Question

The line `3x+4y-k=0` is tangent to the circle `x^2+y^2=16`. What are the possible values of k?

Answer 1

`k=+-20`

Explanation:

Let us find points of intersection of line `3x+4y-k=0` and circle `x^2+y^2=16`. We can do this by putting value of `y` from first equation i.e. `y=(k-3x)/4` and we get

`x^2+(k-3x)^2/16=16`

or `16x^2+k^2+9x^2-6kx=256`

i.e. `25x^2-6kx+k^2-256=0`

This would give two values of `x` and corresponding two values of `y` i.e. two points. But tangent cuts the circle in only at one point. This will be so when discriminant is zero i.e.
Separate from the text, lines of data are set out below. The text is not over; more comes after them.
subsection \<open>Block matrices \<open>p\<^sub>m p\<^sub>m\<^sup>* \<otimes> C\<close>\<close>

lemma qform_kron_ones:
  "qform (n*m) (kron n ones C) x = qform n C (\<lambda>r. \<Sum>a<m. x (a*n+r))"
proof -
  have "qform n C (\<lambda>r. \<Sum>a<m. x (a*n+r))
      = (\<Sum>r<n. \<Sum>s<n. \<Sum>a<m. \<Sum>b<m. cnj (x (a*n+r)) * C r s * x (b*n+s))"
    unfolding qform_def
    by (simp add: sum_distrib_left sum_distrib_right)
       (rule sum.cong[OF refl], rule sum.cong[OF refl], rule sum.swap)
  also have "\<dots> = (\<Sum>a<m. \<Sum>r<n. \<Sum>b<m. \<Sum>s<n. cnj (x (a*n+r)) * C r s * x (b*n+s))"
    by (subst sum.swap) (simp add: sum.swap[of _ "{..<m}" "{..<n}"])
  also have "\<dots> = qform (n*m) (kron n ones C) x"
    unfolding qform_def sum_lessThan_mult_blocks[of _ n m] kron_def ones_def by simp
  finally show ?thesis ..
qed

lemma psd_kron_ones_iff:
  assumes "m > 0"
  shows "psd (n*m) (kron n ones C) \<longleftrightarrow> psd n C"
proof
  assume "psd n C" then show "psd (n*m) (kron n ones C)"
    unfolding psd_def qform_kron_ones by blast
next
  assume h: "psd (n*m) (kron n ones C)"
  show "psd n C" unfolding psd_def
  proof
    fix x
    define x0 :: cvec where "x0 = (\<lambda>i. if i < n then x i else 0)"
    have "(\<Sum>a<m. x0 (a*n+r)) = x r" if "r < n" for r
    proof -
      have "x0 (a*n+r) = (if a = 0 then x r else 0)" for a
        using that by (cases a) (simp_all add: x0_def)
      then show ?thesis using assms by simp
    qed
    then have "qform n C x = qform (n*m) (kron n ones C) x0"
      unfolding qform_kron_ones by (intro qform_cong) simp
    then show "qform n C x \<in> \<real> \<and> 0 \<le> Re (qform n C x)" using h unfolding psd_def by simp
  qed
qed

lemma Iidx_kron_ones:
  assumes "m > 0"
  shows "Iidx (n*m) (kron n ones A) = Iidx n A"
proof -
  have "(\<lambda>i j. kron n ones A i j - of_real t * ones i j)
      = kron n ones (\<lambda>i j. A i j - of_real t * ones i j)" for t
    by (simp add: kron_def ones_def)
  then show ?thesis unfolding Iidx_def by (simp add: psd_kron_ones_iff[OF assms])
qed

subsection \<open>Padding with zeros\<close>

definition pad :: "nat \<Rightarrow> cmat \<Rightarrow> cmat" where
  "pad n B = (\<lambda>i j. if i < n \<and> j < n then B i j else 0)"

lemma sum_lessThan_if_less:
  fixes f :: "nat \<Rightarrow> 'a::comm_monoid_add"
  shows "n \<le> k \<Longrightarrow> (\<Sum>i<k. if i < n then f i else 0) = (\<Sum>i<n. f i)"
  by (rule sum.mono_neutral_cong_right) auto

lemma qform_pad:
  assumes "n \<le> k" shows "qform k (pad n B) x = qform n B x"
proof -
  have "qform k (pad n B) x
      = (\<Sum>i<k. if i < n then (\<Sum>j<k. if j < n then cnj (x i) * B i j * x j else 0) else 0)"
    unfolding qform_def pad_def by (auto intro!: sum.cong)
  then show ?thesis by (simp add: sum_lessThan_if_less assms qform_def)
qed

lemma psd_pad: "n \<le> k \<Longrightarrow> psd k (pad n B) \<longleftrightarrow> psd n B"
  unfolding psd_def by (simp add: qform_pad)

lemma mvmult_pad:
  assumes "n \<le> k" shows "mvmult k (pad n B) x = (\<lambda>i. if i < n then mvmult n B x i else 0)"
proof
  fix i
  have "mvmult k (pad n B) x i = (\<Sum>j<n. pad n B i j * x j)"
    unfolding mvmult_def by (rule sum.mono_neutral_right) (use assms in \<open>auto simp: pad_def\<close>)
  then show "mvmult k (pad n B) x i = (if i < n then mvmult n B x i else 0)"
    by (simp add: pad_def mvmult_def)
qed

lemma sqnorm_truncate:
  assumes "n \<le> k" shows "sqnorm k (\<lambda>i. if i < n then y i else 0) = sqnorm n y"
  unfolding sqnorm_def using assms
  by (simp add: if_distrib[of "\<lambda>c. (cmod c)\<^sup>2"] sum_lessThan_if_less cong: if_cong)

lemma opnorm_pad:
  assumes "n \<le> k" shows "opnorm k (pad n B) = opnorm n B"
proof (rule antisym)
  show "opnorm k (pad n B) \<le> opnorm n B"
  proof (rule opnorm_leI)
    fix x assume "vnorm k x \<le> 1"
    then have "vnorm n x \<le> 1"
      using sum_mono2[of "{..<k}" "{..<n}" "\<lambda>i. (cmod (x i))\<^sup>2"] assms
      by (simp add: vnorm_le_1_iff sqnorm_def)
    then show "vnorm k (mvmult k (pad n B) x) \<le> opnorm n B"
      using vnorm_mvmult_le_opnorm
      by (simp add: vnorm_eq_sqrt_sqnorm mvmult_pad sqnorm_truncate assms)
  qed
  show "opnorm n B \<le> opnorm k (pad n B)"
  proof (rule opnorm_leI)
    fix x assume x: "vnorm n x \<le> 1"
    define x0 where "x0 = (\<lambda>j. if j < n then x j else 0)"
    have "vnorm n (mvmult n B x) = vnorm k (mvmult k (pad n B) x0)"
      unfolding vnorm_eq_sqrt_sqnorm mvmult_pad[OF assms] sqnorm_truncate[OF assms]
      unfolding mvmult_def x0_def by simp
    also have "\<dots> \<le> opnorm k (pad n B)"
      using x by (intro vnorm_mvmult_le_opnorm) (simp add: x0_def vnorm_eq_sqrt_sqnorm sqnorm_truncate assms)
    finally show "vnorm n (mvmult n B x) \<le> opnorm k (pad n B)" .
  qed
qed

lemma Isp_kron_ones_le:
  assumes "n > 0" "m > 0"
  shows "Isp (n*m) (kron n ones A) \<le> Isp n A"
  unfolding Isp_def
proof (rule cInf_greatest)
  show "{opnorm n (hadamard A B) | B. psd n B \<and> opnorm n B = 1} \<noteq> {}"
    using psd_id_mat opnorm_id_mat[OF assms(1)] by blast
  have nN: "n \<le> n*m" using assms by simp
  fix y assume "y \<in> {opnorm n (hadamard A B) | B. psd n B \<and> opnorm n B = 1}"
  then obtain B where B: "psd n B" "opnorm n B = 1" and y: "y = opnorm n (hadamard A B)"
    by blast
  have "hadamard (kron n ones A) (pad n B) = pad n (hadamard A B)"
    by (simp add: hadamard_def kron_def ones_def pad_def fun_eq_iff)
  then have "y = opnorm (n*m) (hadamard (kron n ones A) (pad n B))"
    by (simp add: y opnorm_pad[OF nN])
  moreover have "psd (n*m) (pad n B)" "opnorm (n*m) (pad n B) = 1"
    using B by (simp_all add: psd_pad[OF nN] opnorm_pad[OF nN])
  ultimately show "Inf {opnorm (n*m) (hadamard (kron n ones A) B) | B.
      psd (n*m) B \<and> opnorm (n*m) B = 1} \<le> y"
    by (intro cInf_lower[OF _ bdd_below_Isp_set]) blast
qed

subsection \<open>Compression to a single block\<close>

text \<open>With W : C^n \<rightarrow> C^nm, (W v)_(an+r) = w_(an+r) v_r, we have wmul n w = W,
  wmul_adj n m w = W^* and compress n m w C = W^* C W.\<close>

definition wmul :: "nat \<Rightarrow> cvec \<Rightarrow> cvec \<Rightarrow> cvec" where
  "wmul n w v = (\<lambda>i. w i * v (i mod n))"

definition wmul_adj :: "nat \<Rightarrow> nat \<Rightarrow> cvec \<Rightarrow> cvec \<Rightarrow> cvec" where
  "wmul_adj n m w y = (\<lambda>r. \<Sum>a<m. cnj (w (a*n+r)) * y (a*n+r))"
`(-6k)^2-4*25*(k^2-256)=0`

or `-64k^2+25600=0` or `k=+-20`

graph{(x^2+y^2-16)(3x+4y-20)(3x+4y+20)=0 [-10, 10, -5, 5]}

Answer 2

`k=+-20`.

Explanation:

We know from Geometry, that, the `bot"-distance"` from the

Centre of a Circle to its tangent line equals the

Radius of the Circle.

Let us use this fact to solve the Problem :

We see that, for the circle `S : x^2+y^2=16`, its centre is

`O=O(0,0)`, and radius `r=4`.

`"But, the" bot"-dist. p from "O" to the tgt. : "3x+4y-k=0`, is,

`p=|3(0)+4(0)-k|/sqrt(3^2+4^2)=|k|/5`.

Since, `p=r rArr |k|/5=4 rArr k=+-20`.